Он коснулся губами материнского лба, оставил дверь приоткрытой, чтобы ей было не так темно спускаться по лестнице, и машинально повторил: «Самое ужасное на свете...
На следующий день каприз Марии Кросс — отказ от экипажа — все еще продолжался, потому что Раймон снова увидел незнакомку в трамвае: она сидела на прежнем месте, и ее спокойные глаза снова ощупывали лицо подростка, блуждали вокруг его ресниц, скользили вдоль темной опуши волос надо лбом, подолгу останавливались на зубах, сверкавших между неплотно сжатыми губами. Он вспомнил, что с позавчерашнего дня не брился, потрогал пальцем свою худую щеку, потом стыдливо убрал руки под пелерину. Незнакомка опустила глаза, но он не сразу заметил, что один носок без резинки у него сполз, обнажив ногу. Раймон не решился его подтянуть, только изменил положение. И все-таки он не страдал: больше всего Раймон ненавидел у людей смех, улыбку, пусть даже сдержанную; он улавливал малейшее подергиванье в уголках рта, знал, что означает закушенная нижняя губа... Но у женщины, которая сейчас его разглядывала, лицо было совсем необычное — лицо разумного существа и животного, да, животного, удивительного, невозмутимого и не ведающего, что такое смех. Он не знал, что его отец часто подшучивал над Марией Кросс, над се манерой надевать на лицо смех, словно маску, которая потом спадает, а взгляд остается все таким же печальным.

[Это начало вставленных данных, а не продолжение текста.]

lemma depends_only_on_kernel_op_joint_kernel:
  assumes fin: "\<And>j. Zs j \<noteq> {} \<and> finite (Zs j)"
    and Pl_sum: "\<forall>j. \<forall>x\<in>Pi\<^sub>E (nbhd E 1 j) Zs. (\<Sum>s\<in>Zs j. Pl j x s) = 1"
    and f: "depends_only_on (Pi\<^sub>E UNIV Zs) (nbhd E k i) f"
  shows "depends_only_on (Pi\<^sub>E UNIV Zs) (nbhd E (Suc k) i)
           (kernel_op (Pi\<^sub>E UNIV Zs) (joint_kernel E Pl) f)"
  unfolding depends_only_on_def
proof (intro ballI impI)
  fix z z' assume z: "z \<in> Pi\<^sub>E UNIV Zs" and z': "z' \<in> Pi\<^sub>E UNIV Zs"
    and agree: "\<forall>j\<in>nbhd E (Suc k) i. z j = z' j"
  obtain b0 where b0: "b0 \<in> Pi\<^sub>E (- nbhd E k i) Zs"
    using fin by (metis PiE_eq_empty_iff ex_in_conv)
  have "restrict z (nbhd E 1 j) = restrict z' (nbhd E 1 j)" if "j \<in> nbhd E k i" for j
    using agree nbhd_Suc[OF that] by (intro restrict_ext) blast
  then show "kernel_op (Pi\<^sub>E UNIV Zs) (joint_kernel E Pl) f z
           = kernel_op (Pi\<^sub>E UNIV Zs) (joint_kernel E Pl) f z'"
    using fin by (simp add: kernel_op_joint_kernel_local[OF _ Pl_sum f b0] z z')
qed

lemma marg_pos:
  fixes N :: "'a::finite set"
  assumes "\<And>j. Zs j \<noteq> {} \<and> finite (Zs j)" "\<forall>z\<in>Pi\<^sub>E UNIV Zs. 0 < p z" "x \<in> Pi\<^sub>E N Zs"
  shows "0 < marg N Zs p x"
  unfolding marg_def using assms merge_in_PiE_UNIV[OF assms(3)]
  by (intro sum_pos finite_PiE) (auto simp: PiE_eq_empty_iff)

lemma sum_conditional_weights:
  fixes N :: "'a::finite set"
  assumes "\<And>j. Zs j \<noteq> {} \<and> finite (Zs j)" "\<forall>z\<in>Pi\<^sub>E UNIV Zs. 0 < p z" "x \<in> Pi\<^sub>E N Zs"
  shows "(\<Sum>w\<in>Pi\<^sub>E (- N) Zs. p (Defs.merge N x w) / marg N Zs p x) = 1"
  using marg_pos[OF assms] by (simp add: sum_divide_distrib[symmetric] marg_def)

lemma kernel_op_sub_kernel:
  assumes fin: "\<And>j. finite (Zs j)"
    and f_g: "\<forall>y\<in>Pi\<^sub>E UNIV Zs. f y = g (restrict y N)"
  shows "kernel_op (Pi\<^sub>E N Zs) (sub_kernel N Zs p K) g x
    = (\<Sum>w\<in>Pi\<^sub>E (- N) Zs. p (Defs.merge N x w) / marg N Zs p x
                            * kernel_op (Pi\<^sub>E UNIV Zs) K f (Defs.merge N x w))"
proof -
  define c where "c w = p (Defs.merge N x w) / marg N Zs p x" for w
  have f_merge: "f (Defs.merge N x' w') = g x'" if "x' \<in> Pi\<^sub>E N Zs" "w' \<in> Pi\<^sub>E (- N) Zs" for x' w'
    using f_g merge_in_PiE_UNIV[OF that] restrict_merge_left[OF that(1)] by simp
  have "kernel_op (Pi\<^sub>E N Zs) (sub_kernel N Zs p K) g x
    = (\<Sum>x'\<in>Pi\<^sub>E N Zs. \<Sum>w\<in>Pi\<^sub>E (- N) Zs. c w *
         (\<Sum>w'\<in>Pi\<^sub>E (- N) Zs. K (Defs.merge N x w) (Defs.merge N x' w') * f (Defs.merge N x' w')))"
    unfolding kernel_op_def sub_kernel_def kernN_def c_def
    by (auto simp: sum_distrib_left sum_distrib_right mult.assoc f_merge intro!: sum.cong)
  also have "\<dots> = (\<Sum>w\<in>Pi\<^sub>E (- N) Zs. c w * (\<Sum>x'\<in>Pi\<^sub>E N Zs. \<Sum>w'\<in>Pi\<^sub>E (- N) Zs.
         K (Defs.merge N x w) (Defs.merge N x' w') * f (Defs.merge N x' w')))"
    by (subst sum.swap) (simp add: sum_distrib_left)
  also have "\<dots> = (\<Sum>w\<in>Pi\<^sub>E (- N) Zs. c w * kernel_op (Pi\<^sub>E UNIV Zs) K f (Defs.merge N x w))"
    unfolding kernel_op_def by (simp add: sum_PiE_UNIV_split[OF fin, where A = N])
  finally show ?thesis
    unfolding c_def .
qed

lemma stochastic_on_sub_kernel:
  fixes N :: "'a::finite set"
  assumes fin: "\<And>j. Zs j \<noteq> {} \<and> finite (Zs j)"
    and K: "stochastic_on (Pi\<^sub>E UNIV Zs) K"
    and p: "\<forall>z\<in>Pi\<^sub>E UNIV Zs. 0 < p z"
  shows "stochastic_on (Pi\<^sub>E N Zs) (sub_kernel N Zs p K)"
  unfolding stochastic_on_def
proof (intro conjI ballI)
  fix u y assume u: "u \<in> Pi\<^sub>E N Zs" and y: "y \<in> Pi\<^sub>E N Zs"
  show "0 \<le> sub_kernel N Zs p K u y"
    using K p marg_pos[OF fin p u] merge_in_PiE_UNIV[OF u] merge_in_PiE_UNIV[OF y]
    unfolding sub_kernel_def kernN_def stochastic_on_def
    by (intro sum_nonneg mult_nonneg_nonneg divide_nonneg_pos) (auto intro: less_imp_le)
next
  fix u assume u: "u \<in> Pi\<^sub>E N Zs"
  have "(\<Sum>y\<in>Pi\<^sub>E N Zs. sub_kernel N Zs p K u y) = kernel_op (Pi\<^sub>E N Zs) (sub_kernel N Zs p K) (\<lambda>_. 1) u"
    by (simp add: kernel_op_def)
  also have "\<dots> = (\<Sum>w\<in>Pi\<^sub>E (- N) Zs. p (Defs.merge N u w) / marg N Zs p u
                                 * kernel_op (Pi\<^sub>E UNIV Zs) K (\<lambda>_. 1) (Defs.merge N u w))"
    using fin by (intro kernel_op_sub_kernel) auto
  also have "\<dots> = (\<Sum>w\<in>Pi\<^sub>E (- N) Zs. p (Defs.merge N u w) / marg N Zs p u)"
    using K merge_in_PiE_UNIV[OF u]
    by (intro sum.cong) (auto simp: kernel_op_def stochastic_on_def)
  also have "\<dots> = 1"
    using sum_conditional_weights[OF fin p u] .
  finally show "(\<Sum>y\<in>Pi\<^sub>E N Zs. sub_kernel N Zs p K u y) = 1" .
qed
lemma integral_pos_part_sum_PiM_le:
  fixes D :: "real measure" and m :: nat
  assumes D: "prob_space D" "sets D = sets borel" and pos: "integrable D (\<lambda>x. max x 0)"
  defines "P \<equiv> PiM {..<m} (\<lambda>_. D)"
  shows "integrable P (\<lambda>l. max (\<Sum>i<m. l i) 0)"
    and "(\<integral>l. max (\<Sum>i<m. l i) 0 \<partial>P) \<le> real m * (\<integral>x. max x 0 \<partial>D)"
proof -
  have sets_P: "sets P = sets (PiM {..<m} (\<lambda>_. borel))"
    unfolding P_def using D(2) by (intro sets_PiM_cong) auto
  have [measurable]: "(\<lambda>l. \<Sum>i<m. l i) \<in> borel_measurable P"
    by (subst measurable_cong_sets[OF sets_P refl]) measurable
  have component: "integrable P (\<lambda>l. max (l i) 0) \<and> (\<integral>l. max (l i) 0 \<partial>P) = (\<integral>x. max x 0 \<partial>D)"
    if "i < m" for i
  proof -
    have meas: "(\<lambda>l. l i) \<in> measurable P D"
      unfolding P_def using that by (intro measurable_component_singleton) auto
    have pos_meas: "(\<lambda>x. max x 0) \<in> borel_measurable D"
      using D(2) by (subst measurable_cong_sets[of _ borel]) auto
    have "distr P D (\<lambda>l. l i) = D"
      unfolding P_def using that D(1) by (intro distr_PiM_component) auto
    then show ?thesis
      using pos integrable_distr_eq[OF meas pos_meas] integral_distr[OF meas pos_meas] by simp
  qed
  have sum_pos: "integrable P (\<lambda>l. \<Sum>i<m. max (l i) 0)"
    using component by auto
  have bound: "max (\<Sum>i<m. l i) 0 \<le> (\<Sum>i<m. max (l i) 0)" for l :: "nat \<Rightarrow> real"
    using sum_mono[of "{..<m}" l "\<lambda>i. max (l i) 0"] sum_nonneg[of "{..<m}" "\<lambda>i. max (l i) 0"] by simp
  show int: "integrable P (\<lambda>l. max (\<Sum>i<m. l i) 0)"
    by (rule Bochner_Integration.integrable_bound[OF sum_pos])
       (use bound in \<open>auto intro!: AE_I2 order_trans[OF _ abs_ge_self]\<close>)
  have "(\<integral>l. max (\<Sum>i<m. l i) 0 \<partial>P) \<le> (\<integral>l. (\<Sum>i<m. max (l i) 0) \<partial>P)"
    by (intro Bochner_Integration.integral_mono int sum_pos bound)
  also have "\<dots> = real m * (\<integral>x. max x 0 \<partial>D)"
    using component by (subst Bochner_Integration.integral_sum) auto
  finally show "(\<integral>l. max (\<Sum>i<m. l i) 0 \<partial>P) \<le> real m * (\<integral>x. max x 0 \<partial>D)" .
qed

context
  fixes f :: "real \<Rightarrow> real"
  assumes f_meas [measurable]: "f \<in> borel_measurable borel"
    and f_nonneg: "\<And>x. f x \<ge> 0"
    and f_pos_support: "\<And>x. x \<le> 0 \<Longrightarrow> f x = 0"
    and f_int: "integrable lborel f"
    and f_prob: "(LINT x|lborel. f x) = 1"
    and f_mean: "integrable lborel (\<lambda>x. x * f x)"
begin

abbreviation rate_law :: "real measure" where
  "rate_law \<equiv> density lborel (\<lambda>x. ennreal (f x))"

lemma prob_space_rate_law: "prob_space rate_law"
proof
  have "emeasure rate_law (space rate_law) = ennreal (LINT x|lborel. f x)"
    using f_int f_nonneg by (simp add: emeasure_density nn_integral_eq_integral)
  then show "emeasure rate_law (space rate_law) = 1"
    using f_prob by simp
qed

lemma mean_rate_nonneg: "0 \<le> (LINT x|lborel. x * f x)"
  using f_nonneg f_pos_support by (intro integral_nonneg_AE AE_I2) (metis mult_nonneg_nonneg nle_le mult_zero_right)

lemma pos_part_rate_law:
  shows "integrable rate_law (\<lambda>x. max x 0)"
    and "(\<integral>x. max x 0 \<partial>rate_law) = (LINT x|lborel. x * f x)"
proof -
  have eq: "f x * max x 0 = x * f x" for x
    using f_pos_support[of x] by (auto simp: max_def)
  show "integrable rate_law (\<lambda>x. max x 0)"
    using f_nonneg f_mean by (subst integrable_density) (auto simp: eq)
  show "(\<integral>x. max x 0 \<partial>rate_law) = (LINT x|lborel. x * f x)"
    using f_nonneg by (subst integral_density) (auto simp: eq)
qed

lemma sets_sum_law [simp]: "sets (sum_law f m) = sets borel"
  unfolding sum_law_def by simp

lemma prob_space_sum_law: "prob_space (sum_law f m)"
  unfolding sum_law_def
  by (intro prob_space.prob_space_distr prob_space_PiM prob_space_rate_law) auto

lemma pos_part_sum_law:
  shows "integrable (sum_law f m) (\<lambda>x. max x 0)"
    and "(\<integral>x. max x 0 \<partial>sum_law f m) \<le> real m * (LINT x|lborel. x * f x)"
proof -
  let ?P = "PiM {..<m} (\<lambda>_. rate_law)"
  have sets_P: "sets ?P = sets (PiM {..<m} (\<lambda>_. borel))"
    by (intro sets_PiM_cong) auto
  have [measurable]: "(\<lambda>l. \<Sum>i<m. l i) \<in> borel_measurable ?P"
    by (subst measurable_cong_sets[OF sets_P refl]) measurable
  note PiM = integral_pos_part_sum_PiM_le[OF prob_space_rate_law _ pos_part_rate_law(1), of m]
  show "integrable (sum_law f m) (\<lambda>x. max x 0)"
    using PiM(1) by (simp add: sum_law_def integrable_distr_eq)
  show "(\<integral>x. max x 0 \<partial>sum_law f m) \<le> real m * (LINT x|lborel. x * f x)"
    using PiM(2) by (simp add: sum_law_def integral_distr pos_part_rate_law(2))
qed

lemma exp_law_measurable_sum_law: "exp_law \<in> measurable (sum_law f m) (subprob_algebra borel)"
  using exp_law_measurable by (simp add: measurable_cong_sets[OF sets_sum_law refl])

lemma sum_law_bind_exp_law_in_space: "sum_law f m \<bind> exp_law \<in> space (subprob_algebra borel)"
  using prob_space_sum_law exp_law_measurable_sum_law
  by (intro subprob_space.bind_in_space prob_space_imp_subprob_space)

Когда она сошла у Таланской церкви, и Раймон увидел перед собой кожу сиденья, чуть вмятого там, где она только что сидела, он уже не сомневался, что завтра увидит ее опять; он не мог бы объяснить свою уверенность никакой разумной причиной, — он просто верил. Вечером, после ужина, он притащил к себе в комнату два кувшина воды, снял с крюка лохань, а утром встал на полчаса раньше, потому что решил отныне каждый день бриться.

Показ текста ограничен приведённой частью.